See the CKAN Documentation for installation instructions.

Support

If you need help with CKAN or want to ask a question, use either the ckan-dev mailing list, the CKAN chat on Gitter, or the CKAN tag on Stack Overflow (try searching the Stack Overflow and ckan-dev archives for an answer to your question first).

If you've found a bug in CKAN, open a new issue on CKAN's GitHub Issues (try searching first to see if there's already an issue for your bug).

If you find a potential security vulnerability please email [email protected], rather than creating a public issue on GitHub.

Contributing to CKAN

For contributing to CKAN or its documentation, see CONTRIBUTING.

Mailing List

Subscribe to the ckan-dev mailing list to receive news about upcoming releases and future plans as well as questions and discussions about CKAN development, deployment, etc.

Community Chat

If you want to talk about CKAN development say hi to the CKAN developers and members of the CKAN community on the public CKAN chat on Gitter.
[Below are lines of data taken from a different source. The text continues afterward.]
(* Every $4$-unitrade of cardinality $9$ is equivalent to $P=\{\{1,2,5,6\}, \{1,3,5,6\}, \{2,3,5,6\}, \{1,2,4,6\}, \{1,3,4,6\}, \{2,3,4,6\}, \{1,2,4,5\}, \{1,3,4,5\}, \{2,3,4,5\}\}$ (and $P$ is a $4$-unitrade of cardinality $9$).
   Context: A $k$-unitrade on a finite set $V$ is a set $U$ of $k$-element subsets (blocks) of $V$ such that every $(k-1)$-element subset of $V$ is contained in an even number of blocks of $U$. Two collections $U_1$ of subsets of $V_1$ and $U_2$ of subsets of $V_2$ are equivalent if there is an injection $f:V_1\to V_2$ with $U_2=\{f(u): u\in U_1\}$. *)

theory Defs
  imports Main
begin

definition unitrade :: "nat \<Rightarrow> 'a set \<Rightarrow> 'a set set \<Rightarrow> bool" where
  "unitrade k V U \<longleftrightarrow> finite V \<and> (\<forall>B\<in>U. B \<subseteq> V \<and> card B = k) \<and>
     (\<forall>S. S \<subseteq> V \<and> card S = k - 1 \<longrightarrow> even (card {B\<in>U. S \<subseteq> B}))"

definition equivalent :: "'a set \<Rightarrow> 'a set set \<Rightarrow> 'b set \<Rightarrow> 'b set set \<Rightarrow> bool" where
  "equivalent V1 U1 V2 U2 \<longleftrightarrow>
     (\<exists>f. inj_on f V1 \<and> f ` V1 \<subseteq> V2 \<and> U2 = (\<lambda>u. f ` u) ` U1)"

definition P_trade :: "nat set set" where
  "P_trade = {{1,2,5,6}, {1,3,5,6}, {2,3,5,6}, {1,2,4,6}, {1,3,4,6}, {2,3,4,6},
              {1,2,4,5}, {1,3,4,5}, {2,3,4,5}}"

end
text \<open>cplx k j = canonical polyhedral complex (on R^{n (k-1)}) of the composite
  of layers k, ..., k+j (the last one taken with ReLU or not is irrelevant,
  only the hyperplanes of A_{k+j} enter).  Thus C(F_(k)) = cplx 1 (k-1),
  C(F) = cplx 1 m, C(F^(k)) = cplx k (m+1-k).\<close>
fun cplx :: "(nat \<Rightarrow> nat) \<Rightarrow> (nat \<Rightarrow> nat \<Rightarrow> nat \<Rightarrow> real) \<Rightarrow> (nat \<Rightarrow> nat \<Rightarrow> real) \<Rightarrow>
             nat \<Rightarrow> nat \<Rightarrow> (nat \<Rightarrow> real) set set" where
  "cplx n W b k 0 = Rcells n W b k"
| "cplx n W b k (Suc j) =
     {E. E \<noteq> {} \<and> (\<exists>C R. C \<in> cplx n W b k j \<and> R \<in> Rcells n W b (k + Suc j) \<and>
                          E = C \<inter> {x. Flay n W b k j x \<in> R})}"

text \<open>Sign sequence S(C)_{ij} = sgn F_ij(x), x in relint C; index set
  1 <= i <= m+1, j < n i (entries outside are 0).\<close>
definition signseq :: "nat \<Rightarrow> (nat \<Rightarrow> nat) \<Rightarrow> (nat \<Rightarrow> nat \<Rightarrow> nat \<Rightarrow> real) \<Rightarrow> (nat \<Rightarrow> nat \<Rightarrow> real) \<Rightarrow>
                       (nat \<Rightarrow> real) set \<Rightarrow> nat \<Rightarrow> nat \<Rightarrow> int" where
  "signseq m n W b C = (\<lambda>i j. if 1 \<le> i \<and> i \<le> Suc m \<and> j < n i
        then sgnz (node n W b i j (SOME x. x \<in> relint C)) else 0)"

definition sprod :: "(nat \<Rightarrow> nat \<Rightarrow> int) \<Rightarrow> (nat \<Rightarrow> nat \<Rightarrow> int) \<Rightarrow> nat \<Rightarrow> nat \<Rightarrow> int" where
  "sprod s t = (\<lambda>i j. if s i j \<noteq> 0 then s i j else t i j)"

definition supertransversal :: "nat \<Rightarrow> (nat \<Rightarrow> nat) \<Rightarrow> (nat \<Rightarrow> nat \<Rightarrow> nat \<Rightarrow> real) \<Rightarrow> (nat \<Rightarrow> nat \<Rightarrow> real) \<Rightarrow> bool" where
  "supertransversal m n W b \<longleftrightarrow>
     (\<forall>i. 1 \<le> i \<and> i \<le> m \<longrightarrow>
        (\<forall>C\<in>Rcells n W b i. \<forall>K\<in>cplx n W b (Suc i) (m - i).
            transverse_on_cell (layer n W b i) C (n i) (relint K)))"

end

theory Submission
  imports Defs
begin
definition rep_partial ::
  "real \<Rightarrow> (nat \<Rightarrow> int \<Rightarrow> complex) \<Rightarrow> (nat \<Rightarrow> complex) \<Rightarrow> nat \<Rightarrow> real \<Rightarrow> real^3 \<Rightarrow> complex" where
  "rep_partial T a b N t x =
     (\<Sum>n\<in>{1..N}. \<Sum>m\<in>{-int N..int N}.
        (a n m / complex_of_real (sqrt (\<bar>real n ^ 2 - real_of_int m\<bar> + 1 / T))
         + (if \<bar>real n ^ 2 - real_of_int m\<bar> > 1 / T
            then b n / complex_of_real \<bar>real n ^ 2 - real_of_int m\<bar> else 0))
        * e_rad n x * e_time (real_of_int m * t))"

text \<open>f (on [0,T] x B) equals lam times an element of the unit ball of the norm
  |||.|||_{0,1/2;T}; the series is understood as an L^2([0,T] x B) limit of its partial sums.\<close>
definition in_scaled_ball :: "real \<Rightarrow> real \<Rightarrow> (real \<Rightarrow> real^3 \<Rightarrow> complex) \<Rightarrow> bool" where
  "in_scaled_ball T lam f \<longleftrightarrow>
     (\<exists>a b.
        (\<forall>F. finite F \<and> F \<subseteq> {1..} \<times> UNIV \<longrightarrow> (\<Sum>(n,m)\<in>F. (cmod (a n m))\<^sup>2) \<le> 1) \<and>
        (\<forall>F. finite F \<and> F \<subseteq> {1..} \<longrightarrow> (\<Sum>n\<in>F. (cmod (b n))\<^sup>2) \<le> 1) \<and>
        ((\<lambda>N. \<integral>\<^sup>+ t\<in>{0..T}. (\<integral>\<^sup>+ x\<in>ball 0 1.
              ennreal ((cmod (f t x - complex_of_real lam * rep_partial T a b N t x))\<^sup>2) \<partial>lborel) \<partial>lborel)
          \<longlonglongrightarrow> 0))"

text \<open>The norm |||f|||_{0,1/2;T} (Minkowski functional of the unit ball; top if no representation).\<close>
definition triple_norm :: "real \<Rightarrow> (real \<Rightarrow> real^3 \<Rightarrow> complex) \<Rightarrow> ennreal" where
  "triple_norm T f = Inf {ennreal lam | lam. lam > 0 \<and> in_scaled_ball T lam f}"

end

theory Submission
  imports Defs
begin

text \<open>Take \<open>\<lambda> < 2\<close> with \<open>f\<close> in the \<open>\<lambda>\<close>-scaled unit ball and a square partial sum \<open>P\<^sub>N\<close>
  of the representation with \<open>\<lambda> P\<^sub>N\<close> arbitrarily close to \<open>f\<close> in \<open>L\<^sup>2([0,T] \<times> B)\<close>.
  In polar coordinates the volume density \<open>3 V r\<^sup>2\<close> of the ball (\<open>V\<close> its volume) cancels the
  factor \<open>1/|x|\<^sup>2\<close> of \<open>|e\<^sub>n(x)|\<^sup>2\<close>, so the \<open>e\<^sub>n\<close> are orthogonal on \<open>B\<close> with
  \<open>\<parallel>e\<^sub>n\<parallel>\<^sup>2 = 3V/2\<close>, while the \<open>e(m t)\<close> are orthonormal on \<open>[0,1] \<supseteq> [0,T]\<close>.
  Hence \<open>\<parallel>P\<^sub>N\<parallel>\<^sup>2 \<le> 3V/2 \<Sum> |c\<^sub>n\<^sub>m|\<^sup>2\<close> for the coefficients \<open>c\<^sub>n\<^sub>m\<close> of \<open>P\<^sub>N\<close>.
  As \<open>|x + y|\<^sup>2 \<le> 2|x|\<^sup>2 + 2|y|\<^sup>2\<close>, the \<open>a\<close>-part of \<open>c\<^sub>n\<^sub>m\<close> contributes at most
  \<open>2T \<Sum> |a\<^sub>n\<^sub>m|\<^sup>2 \<le> 2T\<close> and the \<open>b\<close>-part at most
  \<open>2|b\<^sub>n|\<^sup>2 \<Sum>\<^bsub>|n\<^sup>2 - m| > 1/T\<^esub> |n\<^sup>2 - m|\<^sup>-\<^sup>2 \<le> 8T |b\<^sub>n|\<^sup>2\<close>; so \<open>\<Sum> |c\<^sub>n\<^sub>m|\<^sup>2 \<le> 10 T\<close>, and
  \<open>\<parallel>f\<parallel>\<^sup>2 \<le> 2 \<parallel>f - \<lambda> P\<^sub>N\<parallel>\<^sup>2 + 2 \<lambda>\<^sup>2 \<parallel>P\<^sub>N\<parallel>\<^sup>2\<close> gives \<open>\<parallel>f\<parallel>\<^sup>2 \<le> 30 V \<lambda>\<^sup>2 T\<close>.\<close>

section \<open>Nonnegative integrals without measurability\<close>

text \<open>The function \<open>f\<close> of the theorem is not assumed measurable, so its nonnegative integral
  is only a lower integral and the library's additivity and homogeneity laws do not apply.\<close>

lemma nn_integral_add_le:
  assumes v: "v \<in> borel_measurable M"
  shows "(\<integral>\<^sup>+x. u x + v x \<partial>M) \<le> integral\<^sup>N M u + integral\<^sup>N M v"
  unfolding nn_integral_def[of M "\<lambda>x. u x + v x"]
proof (rule SUP_least)
  fix g assume g: "g \<in> {g. simple_function M g \<and> g \<le> (\<lambda>x. u x + v x)}"
  define w where "w x = (if v x = top then 0 else g x - v x)" for x
  have [measurable]: "g \<in> borel_measurable M"
    using g by (auto intro: borel_measurable_simple_function)
  have wm: "w \<in> borel_measurable M"
    unfolding w_def using v by measurable
  have wu: "w x \<le> u x" for x
    using g unfolding w_def by (auto simp: le_fun_def ennreal_minus_le_iff add.commute)
  have gw: "g x \<le> w x + v x" for x
    unfolding w_def by (auto simp: diff_add_self_ennreal)
  have "integral\<^sup>S M g = integral\<^sup>N M g"
    using g by (simp add: nn_integral_eq_simple_integral)
  also have "\<dots> \<le> (\<integral>\<^sup>+x. w x + v x \<partial>M)" by (intro nn_integral_mono gw)
  also have "\<dots> = integral\<^sup>N M w + integral\<^sup>N M v" using wm v by (simp add: nn_integral_add)
  also have "\<dots> \<le> integral\<^sup>N M u + integral\<^sup>N M v" by (intro add_right_mono nn_integral_mono wu)
  finally show "integral\<^sup>S M g \<le> integral\<^sup>N M u + integral\<^sup>N M v" .
qed

lemma nn_integral_cmult_le:
  fixes r :: real
  assumes r: "r > 0"
  shows "(\<integral>\<^sup>+x. ennreal r * u x \<partial>M) \<le> ennreal r * integral\<^sup>N M u"
  unfolding nn_integral_def[of M "\<lambda>x. ennreal r * u x"]
proof (rule SUP_least)
  fix g assume g: "g \<in> {g. simple_function M g \<and> g \<le> (\<lambda>x. ennreal r * u x)}"
  define w where "w x = ennreal (1/r) * g x" for x
  have inv: "ennreal (1/r) * ennreal r = 1"
    using r by (simp flip: ennreal_mult)
  have wm: "w \<in> borel_measurable M"
    unfolding w_def using g by (auto intro: borel_measurable_simple_function)
  have wu: "w x \<le> u x" for x
  proof -
    have "w x \<le> ennreal (1/r) * (ennreal r * u x)"
      unfolding w_def using g by (intro mult_left_mono) (auto simp: le_fun_def)
    then show ?thesis using inv by (simp add: mult.assoc[symmetric])
  qed
  have gw: "g x = ennreal r * w x" for x
    unfolding w_def using inv by (simp add: mult.assoc[symmetric] mult.commute)
  have "integral\<^sup>S M g = (\<integral>\<^sup>+x. ennreal r * w x \<partial>M)"
    using g by (simp add: nn_integral_eq_simple_integral gw[abs_def])
  also have "\<dots> = ennreal r * integral\<^sup>N M w" using wm by (simp add: nn_integral_cmult)
  also have "\<dots> \<le> ennreal r * integral\<^sup>N M u" by (intro mult_left_mono nn_integral_mono wu) simp
  finally show "integral\<^sup>S M g \<le> ennreal r * integral\<^sup>N M u" .
qed

lemma nn_integral_le_cmult_add:
  fixes r :: real
  assumes "r > 0" "\<And>x. x \<in> space M \<Longrightarrow> u x \<le> ennreal r * (v x + w x)" "w \<in> borel_measurable M"
  shows "integral\<^sup>N M u \<le> ennreal r * (integral\<^sup>N M v + integral\<^sup>N M w)"
proof -
  have "integral\<^sup>N M u \<le> (\<integral>\<^sup>+x. ennreal r * (v x + w x) \<partial>M)"
    using assms(2) by (rule nn_integral_mono)
  also have "\<dots> \<le> ennreal r * (\<integral>\<^sup>+x. v x + w x \<partial>M)"
    using assms(1) by (rule nn_integral_cmult_le)
  also have "\<dots> \<le> ennreal r * (integral\<^sup>N M v + integral\<^sup>N M w)"
    using assms(3) by (intro mult_left_mono nn_integral_add_le) simp_all
  finally show ?thesis .
qed

lemma norm_sq_le_approx:
  fixes f g :: "'a::real_normed_vector"
  shows "(norm f)\<^sup>2 \<le> 2 * ((norm (f - g))\<^sup>2 + (norm g)\<^sup>2)"
proof -
  have "norm f \<le> norm (f - g) + norm g"
    using norm_triangle_ineq[of "f - g" g] by simp
  then have "(norm f)\<^sup>2 \<le> (norm (f - g) + norm g)\<^sup>2"
    by (intro power_mono) auto
  also have "\<dots> \<le> 2 * ((norm (f - g))\<^sup>2 + (norm g)\<^sup>2)"
    using sum_squares_bound[of "norm (f - g)" "norm g"] by (simp add: power2_sum)
  finally show ?thesis .
qed

lemma nn_integral_norm_sq_le_approx:
  fixes f g :: "'a \<Rightarrow> 'b \<Rightarrow> 'c::real_normed_vector"
  assumes [measurable]: "A \<in> sets M" "B \<in> sets N" "\<And>t. g t \<in> borel_measurable N"
    and [measurable]: "(\<lambda>t. \<integral>\<^sup>+x\<in>B. ennreal ((norm (g t x))\<^sup>2) \<partial>N) \<in> borel_measurable M"
  shows "(\<integral>\<^sup>+t\<in>A. (\<integral>\<^sup>+x\<in>B. ennreal ((norm (f t x))\<^sup>2) \<partial>N) \<partial>M)
    \<le> 2 * ((\<integral>\<^sup>+t\<in>A. (\<integral>\<^sup>+x\<in>B. ennreal ((norm (f t x - g t x))\<^sup>2) \<partial>N) \<partial>M)
           + (\<integral>\<^sup>+t\<in>A. (\<integral>\<^sup>+x\<in>B. ennreal ((norm (g t x))\<^sup>2) \<partial>N) \<partial>M))"
proof -
  have inner: "(\<integral>\<^sup>+x\<in>B. ennreal ((norm (f t x))\<^sup>2) \<partial>N)
    \<le> 2 * ((\<integral>\<^sup>+x\<in>B. ennreal ((norm (f t x - g t x))\<^sup>2) \<partial>N)
           + (\<integral>\<^sup>+x\<in>B. ennreal ((norm (g t x))\<^sup>2) \<partial>N))" for t
  proof (rule nn_integral_le_cmult_add[where r = 2, unfolded ennreal_numeral])
    show "(2::real) > 0" by simp
  next
    fix x
    have "ennreal ((norm (f t x))\<^sup>2) \<le> ennreal (2 * ((norm (f t x - g t x))\<^sup>2 + (norm (g t x))\<^sup>2))"
      by (intro ennreal_leI norm_sq_le_approx)
    then show "ennreal ((norm (f t x))\<^sup>2) * indicator B x
      \<le> 2 * (ennreal ((norm (f t x - g t x))\<^sup>2) * indicator B x + ennreal ((norm (g t x))\<^sup>2) * indicator B x)"
      by (simp add: ennreal_mult indicator_def)
  qed measurable
  show ?thesis
  proof (rule nn_integral_le_cmult_add[where r = 2, unfolded ennreal_numeral])
    show "(2::real) > 0" by simp
  next
    fix t
    show "(\<integral>\<^sup>+x\<in>B. ennreal ((norm (f t x))\<^sup>2) \<partial>N) * indicator A t
      \<le> 2 * ((\<integral>\<^sup>+x\<in>B. ennreal ((norm (f t x - g t x))\<^sup>2) \<partial>N) * indicator A t
             + (\<integral>\<^sup>+x\<in>B. ennreal ((norm (g t x))\<^sup>2) \<partial>N) * indicator A t)"
      using inner[of t] by (simp add: indicator_def)
  qed measurable
qed

section \<open>Radial integration over the unit ball\<close>

lemma emeasure_unit_ball_norm_greater:
  "emeasure lborel (ball (0::'a::euclidean_space) 1 \<inter> {x. s < norm x})
     = ennreal (if s < 1 then unit_ball_vol DIM('a) * (1 - (max s 0) ^ DIM('a)) else 0)"
proof -
  let ?V = "unit_ball_vol DIM('a)"
  have ball: "emeasure lborel (ball (0::'a) 1) = ennreal ?V"
    using emeasure_ball[of 1 "0::'a"] by simp
  consider "s < 0" | "0 \<le> s" "s < 1" | "1 \<le> s" by linarith
  then show ?thesis
  proof cases
    case 1
    then have "ball (0::'a) 1 \<inter> {x. s < norm x} = ball 0 1"
      using norm_ge_zero[where 'a='a] by (auto intro: less_le_trans)
    then show ?thesis using 1 ball by (simp add: power_0_left)
  next
    case 2
    have cball: "emeasure lborel (cball (0::'a) s) = ennreal (?V * s ^ DIM('a))"
      using emeasure_cball[of s "0::'a"] 2 by simp
    have "ball (0::'a) 1 \<inter> {x. s < norm x} = ball 0 1 - cball 0 s"
      using 2 by auto
    moreover have "emeasure lborel (ball (0::'a) 1 - cball 0 s)
        = emeasure lborel (ball (0::'a) 1) - emeasure lborel (cball (0::'a) s)"
      using 2 by (intro emeasure_Diff) (auto simp: cball)
    ultimately have "emeasure lborel (ball (0::'a) 1 \<inter> {x. s < norm x})
        = emeasure lborel (ball (0::'a) 1) - emeasure lborel (cball (0::'a) s)"
      by simp
    also have "\<dots> = ennreal (?V - ?V * s ^ DIM('a))"
      unfolding ball cball using 2 by (subst ennreal_minus) (auto intro!: mult_left_le power_le_one)
    finally show ?thesis using 2 by (simp add: algebra_simps)
  next
    case 3
    then have "ball (0::'a) 1 \<inter> {x. s < norm x} = {}" by auto
    then show ?thesis using 3 by simp
  qed
qed

lemma emeasure_radial_density_greaterThan:
  fixes d :: nat
  defines "\<rho> \<equiv> \<lambda>r. ennreal (d * unit_ball_vol d * r ^ (d - 1)) * indicator {0<..<1} r"
  shows "emeasure (density lborel \<rho>) {s<..} = ennreal (if s < 1 then unit_ball_vol d * (1 - (max s 0) ^ d) else 0)"
proof -
  let ?V = "unit_ball_vol d" and ?a = "max s 0"
  have "emeasure (density lborel \<rho>) {s<..} = (\<integral>\<^sup>+r. \<rho> r * indicator {s<..} r \<partial>lborel)"
    unfolding \<rho>_def by (rule emeasure_density) auto
  also have "\<dots> = (\<integral>\<^sup>+r. ennreal (d * ?V * r ^ (d - 1)) * indicator {?a<..<1} r \<partial>lborel)"
    unfolding \<rho>_def by (intro nn_integral_cong) (auto simp: indicator_def)
  also have "\<dots> = ennreal (if s < 1 then ?V * (1 - ?a ^ d) else 0)"
  proof (cases "s < 1")
    case True
    have "((\<lambda>r. d * ?V * r ^ (d - 1)) has_integral (?V * 1 ^ d - ?V * ?a ^ d)) {?a..1}"
      using True by (intro fundamental_theorem_of_calculus)
        (auto simp: has_real_derivative_iff_has_vector_derivative[symmetric] intro!: derivative_eq_intros)
    then have "((\<lambda>r. d * ?V * r ^ (d - 1)) has_integral (?V * (1 - ?a ^ d))) {?a<..<1}"
      by (simp add: has_integral_Icc_iff_Ioo algebra_simps)
    then show ?thesis
      using True by (subst nn_integral_has_integral_lebesgue') auto
  qed simp
  finally show ?thesis .
qed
Gitter is free and open-source; you can sign in with your GitHub, GitLab, or Twitter account.

The logs for the old #ckan IRC channel (2014 to 2018) can be found here: https://github.com/ckan/irc-logs.

Wiki

If you've figured out how to do something with CKAN and want to document it for others, make a new page on the CKAN wiki and tell us about it on the ckan-dev mailing list or on Gitter.

Copying and License

This material is copyright (c) 2006-2023 Open Knowledge Foundation and contributors.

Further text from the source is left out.